→ **Problem to work on**
Please repeat, exactly as written, the line containing "using shifted unfolding" and every line after it through the end of the records below.

→ **Exercise input**
(* Let $p$ be a POP of length $k\geq 1$ and let $0\leq i\leq s\leq k$ be such that every label in $$I=\{1,2,\ldots,i\}\cup\{k-s+i+1,\,k-s+i+2,\ldots,k\}$$ is isolated in $p$ (incomparable to every other label). Let $p_1$ be the POP of length $k-s$ obtained from $p$ by deleting the labels in $I$ and relabeling the remaining labels $i+1,\ldots,k-s+i$ as $1,\ldots,k-s$ in an order-preserving way (i.e. label $j$ becomes $j-i$), keeping the order relations among them. Let $a(n)=|S_n(p)|$ and $b(n)=|S_n(p_1)|$. Then $a(n)=n!$ for $n<k$ and $$a(n)=\frac{n!}{(n-s)!}\,b(n-s)\quad\text{for } n\geq k.$$
   Context: An $n$-permutation is a word $\pi=\pi_1\cdots\pi_n$ containing each of $1,\ldots,n$ exactly once; $S_n$ is the set of $n$-permutations ($S_0$ consists of the empty permutation). A partially ordered pattern (POP) $p$ of length $k$ is a partial order $\prec$ on the label set $\{1,\ldots,k\}$ (for $k=0$ it is the empty pattern, contained in every permutation). An $n$-permutation $\pi$ contains $p$ if there are indices $1\leq i_1<\cdots<i_k\leq n$ such that $\pi_{i_j}<\pi_{i_m}$ whenever $j\prec m$ (no condition between incomparable labels); otherwise $\pi$ avoids $p$. $S_n(p)$ denotes the set of $n$-permutations avoiding $p$. *)

theory Defs
  imports "HOL-Combinatorics.Multiset_Permutations"
begin

definition is_pop :: "nat \<Rightarrow> (nat \<times> nat) set \<Rightarrow> bool" where
  "is_pop k P \<longleftrightarrow> P \<subseteq> {1..k} \<times> {1..k} \<and> irrefl P \<and> trans P"

text \<open>n-permutations as lists (1-based values, list positions shifted by one).\<close>
definition perms :: "nat \<Rightarrow> nat list set" where
  "perms n = permutations_of_set {1..n}"

definition contains_pop :: "nat list \<Rightarrow> nat \<Rightarrow> (nat \<times> nat) set \<Rightarrow> bool" where
  "contains_pop w k P \<longleftrightarrow>
     (\<exists>f :: nat \<Rightarrow> nat. strict_mono_on {1..k} f \<and> f ` {1..k} \<subseteq> {1..length w} \<and>
        (\<forall>j m. (j, m) \<in> P \<longrightarrow> w ! (f j - 1) < w ! (f m - 1)))"

definition avoiders :: "nat \<Rightarrow> nat \<Rightarrow> (nat \<times> nat) set \<Rightarrow> nat list set" where
  "avoiders n k P = {w \<in> perms n. \<not> contains_pop w k P}"

definition isolated :: "(nat \<times> nat) set \<Rightarrow> nat \<Rightarrow> bool" where
  "isolated P j \<longleftrightarrow> (\<forall>m. (j, m) \<notin> P \<and> (m, j) \<notin> P)"

end

theory Submission
  imports Defs "HOL-Library.Infinite_Set"
begin

text \<open>
  An isolated label imposes no order condition, so when it is the first (last) label of the
  pattern it can always be matched by the first (last) entry of the permutation. Hence
  \<open>x # v\<close> contains the pattern iff \<open>v\<close> contains the pattern with that label deleted. Since
  containment depends only on the relative order of the entries, \<open>v\<close> ranging over the
  permutations of \<open>{1..n} - {x}\<close> gives as many avoiders as over \<open>{1..n-1}\<close>. Deleting an isolated
  end label thus multiplies the count by \<open>n\<close>, and deleting the \<open>s\<close> labels of \<open>I\<close> one at a
  time yields the factor \<open>n!/(n-s)!\<close>.
\<close>

definition avoiders_of_set :: "nat set \<Rightarrow> nat \<Rightarrow> (nat \<times> nat) set \<Rightarrow> nat list set" where
  "avoiders_of_set A k P = {w \<in> permutations_of_set A. \<not> contains_pop w k P}"

lemma avoiders_eq_avoiders_of_set: "avoiders n k P = avoiders_of_set {1..n} k P"
  unfolding avoiders_def avoiders_of_set_def perms_def ..

definition shift_pop :: "nat \<Rightarrow> (nat \<times> nat) set \<Rightarrow> (nat \<times> nat) set" where
  "shift_pop t P = (\<lambda>(j, m). (j - t, m - t)) ` P"

lemma shift_pop_0 [simp]: "shift_pop 0 P = P"
  unfolding shift_pop_def by (simp add: case_prod_beta)

lemma shift_pop_shift_pop: "shift_pop a (shift_pop b P) = shift_pop (a + b) P"
  unfolding shift_pop_def by (auto simp: image_image case_prod_beta diff_diff_add add.commute)

lemma isolated_shift_pop:
  assumes "isolated P (j + t)" "1 \<le> j"
  shows "isolated (shift_pop t P) j"
  using assms unfolding isolated_def shift_pop_def
  by (force simp: le_diff_conv2)

lemma subset_if_isolated_first:
  assumes "P \<subseteq> {1..k} \<times> {1..k}" "isolated P 1"
  shows "P \<subseteq> {2..k} \<times> {2..k}"
proof (intro subrelI)
  fix j m assume "(j, m) \<in> P"
  moreover have "j \<noteq> 1" "m \<noteq> 1" using assms(2) calculation unfolding isolated_def by blast+
  ultimately show "(j, m) \<in> {2..k} \<times> {2..k}" using assms(1) by force
qed

lemma subset_if_isolated_last:
  assumes "P \<subseteq> {1..k} \<times> {1..k}" "isolated P k"
  shows "P \<subseteq> {1..k - 1} \<times> {1..k - 1}"
proof (intro subrelI)
  fix j m assume "(j, m) \<in> P"
  moreover have "j \<noteq> k" "m \<noteq> k" using assms(2) calculation unfolding isolated_def by blast+
  ultimately show "(j, m) \<in> {1..k - 1} \<times> {1..k - 1}" using assms(1) by force
qed

lemma shift_pop_subset_if_isolated_first:
  assumes "P \<subseteq> {1..k} \<times> {1..k}" "isolated P 1"
  shows "shift_pop 1 P \<subseteq> {1..k - 1} \<times> {1..k - 1}"
  using subset_if_isolated_first[OF assms] unfolding shift_pop_def by force

lemma contains_pop_map_strict_mono:
  assumes "strict_mono_on (set w) h" "P \<subseteq> {1..k} \<times> {1..k}"
  shows "contains_pop (map h w) k P \<longleftrightarrow> contains_pop w k P"
proof -
  have "map h w ! (f j - 1) < map h w ! (f m - 1) \<longleftrightarrow> w ! (f j - 1) < w ! (f m - 1)"
    if "f ` {1..k} \<subseteq> {1..length w}" "(j, m) \<in> P" for f j m
  proof -
    have "f j - 1 < length w" "f m - 1 < length w" using that assms(2) by force+
    then show ?thesis using strict_mono_on_less[OF assms(1)] by simp
  qed
  then show ?thesis unfolding contains_pop_def by (metis length_map)
qed

lemma card_avoiders_of_set_image:
  assumes "strict_mono_on A h" "P \<subseteq> {1..k} \<times> {1..k}"
  shows "card (avoiders_of_set (h ` A) k P) = card (avoiders_of_set A k P)"
proof -
  have inj: "inj_on h A" using assms(1) by (rule strict_mono_on_imp_inj_on)
  have "strict_mono_on (set w) h" if "w \<in> permutations_of_set A" for w
    using assms(1) permutations_of_setD(1)[OF that] by (simp add: strict_mono_on_def)
  then have "avoiders_of_set (h ` A) k P = map h ` avoiders_of_set A k P"
    unfolding avoiders_of_set_def permutations_of_set_image_inj[OF inj]
    using contains_pop_map_strict_mono[OF _ assms(2)] by auto
  moreover have "inj_on (map h) (avoiders_of_set A k P)"
    unfolding avoiders_of_set_def
    by (rule inj_onI) (metis (no_types, lifting) inj inj_on_map_eq_map mem_Collect_eq
        permutations_of_setD(1) sup.idem)
  ultimately show ?thesis by (simp add: card_image)
qed

lemma card_avoiders_of_set:
  assumes "finite A" "P \<subseteq> {1..k} \<times> {1..k}"
  shows "card (avoiders_of_set A k P) = card (avoiders (card A) k P)"
proof -
  obtain h where "bij_betw h {..<card A} A" "strict_mono_on {..<card A} h"
    using ex_bij_betw_strict_mono_card[OF assms(1)] .
  then have "card (avoiders_of_set A k P) = card (avoiders_of_set {..<card A} k P)"
    using card_avoiders_of_set_image[OF _ assms(2)] by (metis bij_betw_imp_surj_on)
  also have "\<dots> = card (avoiders_of_set (Suc ` {..<card A}) k P)"
    by (rule card_avoiders_of_set_image[OF _ assms(2), symmetric]) (simp add: strict_mono_on_def)
  finally show ?thesis by (simp add: avoiders_eq_avoiders_of_set image_Suc_lessThan)
qed

lemma card_permutations_of_set_filter_Cons:
  assumes "finite A" "A \<noteq> {}"
  shows "card {w \<in> permutations_of_set A. Q w} =
         (\<Sum>x\<in>A. card {v \<in> permutations_of_set (A - {x}). Q (x # v)})"
proof -
  have "{w \<in> permutations_of_set A. Q w} =
        (\<Union>x\<in>A. (\<lambda>v. x # v) ` {v \<in> permutations_of_set (A - {x}). Q (x # v)})"
    by (subst permutations_of_set_nonempty[OF assms(2)]) auto
  also have "card \<dots> = (\<Sum>x\<in>A. card {v \<in> permutations_of_set (A - {x}). Q (x # v)})"
    by (subst card_UN_disjoint) (use assms in \<open>auto intro!: sum.cong card_image inj_onI\<close>)
  finally show ?thesis .
qed

lemma card_permutations_of_set_filter_snoc:
  assumes "finite A" "A \<noteq> {}"
  shows "card {w \<in> permutations_of_set A. Q w} =
         (\<Sum>x\<in>A. card {v \<in> permutations_of_set (A - {x}). Q (v @ [x])})"
proof -
  have rev_filter:
    "card {w \<in> permutations_of_set B. R w} = card {w \<in> permutations_of_set B. R (rev w)}"
    for B :: "'a set" and R
  proof -
    have "{w \<in> permutations_of_set B. R w} = rev ` {w \<in> permutations_of_set B. R (rev w)}"
      by (auto simp: image_iff permutations_of_set_def intro!: exI[of _ "rev _"])
    then show ?thesis by (simp add: card_image)
  qed
  have "card {w \<in> permutations_of_set A. Q w} = card {w \<in> permutations_of_set A. Q (rev w)}"
    by (rule rev_filter)
  also have "\<dots> = (\<Sum>x\<in>A. card {v \<in> permutations_of_set (A - {x}). Q (rev (x # v))})"
    by (rule card_permutations_of_set_filter_Cons[OF assms])
  also have "\<dots> = (\<Sum>x\<in>A. card {v \<in> permutations_of_set (A - {x}). Q (v @ [x])})"
    by (intro sum.cong refl) (subst rev_filter, simp)
  finally show ?thesis .
qed

lemma contains_pop_Cons_D:
  assumes "P \<subseteq> {2..k} \<times> {2..k}" "contains_pop (x # w) k P"
  shows "contains_pop w (k - 1) (shift_pop 1 P)"
proof -
  obtain f where f: "strict_mono_on {1..k} f" "f ` {1..k} \<subseteq> {1..length (x # w)}"
    and f_rel: "\<forall>j m. (j, m) \<in> P \<longrightarrow> (x # w) ! (f j - 1) < (x # w) ! (f m - 1)"
    using assms(2) unfolding contains_pop_def by blast
  have f_range: "2 \<le> f j \<and> f j \<le> Suc (length w)" if "2 \<le> j" "j \<le> k" for j
  proof -
    have "1 \<in> {1..k}" "j \<in> {1..k}" using that by auto
    then have "1 \<le> f 1" "f j \<le> Suc (length w)" using f(2) by (auto simp: image_subset_iff)
    moreover have "f 1 < f j" using strict_mono_onD[OF f(1)] that by simp
    ultimately show ?thesis by simp
  qed
  define g where "g j = f (Suc j) - 1" for j
  have "strict_mono_on {1..k - 1} g"
  proof (rule strict_mono_onI)
    fix r s assume rs: "r \<in> {1..k - 1}" "s \<in> {1..k - 1}" "r < s"
    then have "f (Suc r) < f (Suc s)" by (intro strict_mono_onD[OF f(1)]) auto
    moreover have "2 \<le> f (Suc r)" using f_range rs by simp
    ultimately show "g r < g s" by (simp add: g_def)
  qed
  moreover have "g ` {1..k - 1} \<subseteq> {1..length w}"
  proof (rule image_subsetI)
    fix j assume "j \<in> {1..k - 1}"
    then have "2 \<le> f (Suc j) \<and> f (Suc j) \<le> Suc (length w)" by (intro f_range) auto
    then show "g j \<in> {1..length w}" by (auto simp: g_def)
  qed
  moreover have "w ! (g j - 1) < w ! (g m - 1)" if shifted: "(j, m) \<in> shift_pop 1 P" for j m
  proof -
    obtain j0 m0 where jm: "(j0, m0) \<in> P" "j = j0 - 1" "m = m0 - 1"
      using shifted unfolding shift_pop_def by auto
    have "2 \<le> j0" "j0 \<le> k" "2 \<le> m0" "m0 \<le> k" using assms(1) jm(1) by auto
    then have "g j = f j0 - 1" "g m = f m0 - 1" "2 \<le> f j0" "2 \<le> f m0"
      using f_range jm by (simp_all add: g_def)
    with f_rel[rule_format, OF jm(1)] show ?thesis by (simp add: nth_Cons')
  qed
  ultimately show ?thesis unfolding contains_pop_def by blast
qed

→ **Answer to this problem**
      using shifted unfolding shift_pop_def by auto
    have "2 \<le> j0" "j0 \<le> k" "2 \<le> m0" "m0 \<le> k" using assms(1) jm(1) by auto
    then have "g j = f j0 - 1" "g m = f m0 - 1" "2 \<le> f j0" "2 \<le> f m0"
      using f_range jm by (simp_all add: g_def)
    with f_rel[rule_format, OF jm(1)] show ?thesis by (simp add: nth_Cons')
  qed
  ultimately show ?thesis unfolding contains_pop_def by blast
qed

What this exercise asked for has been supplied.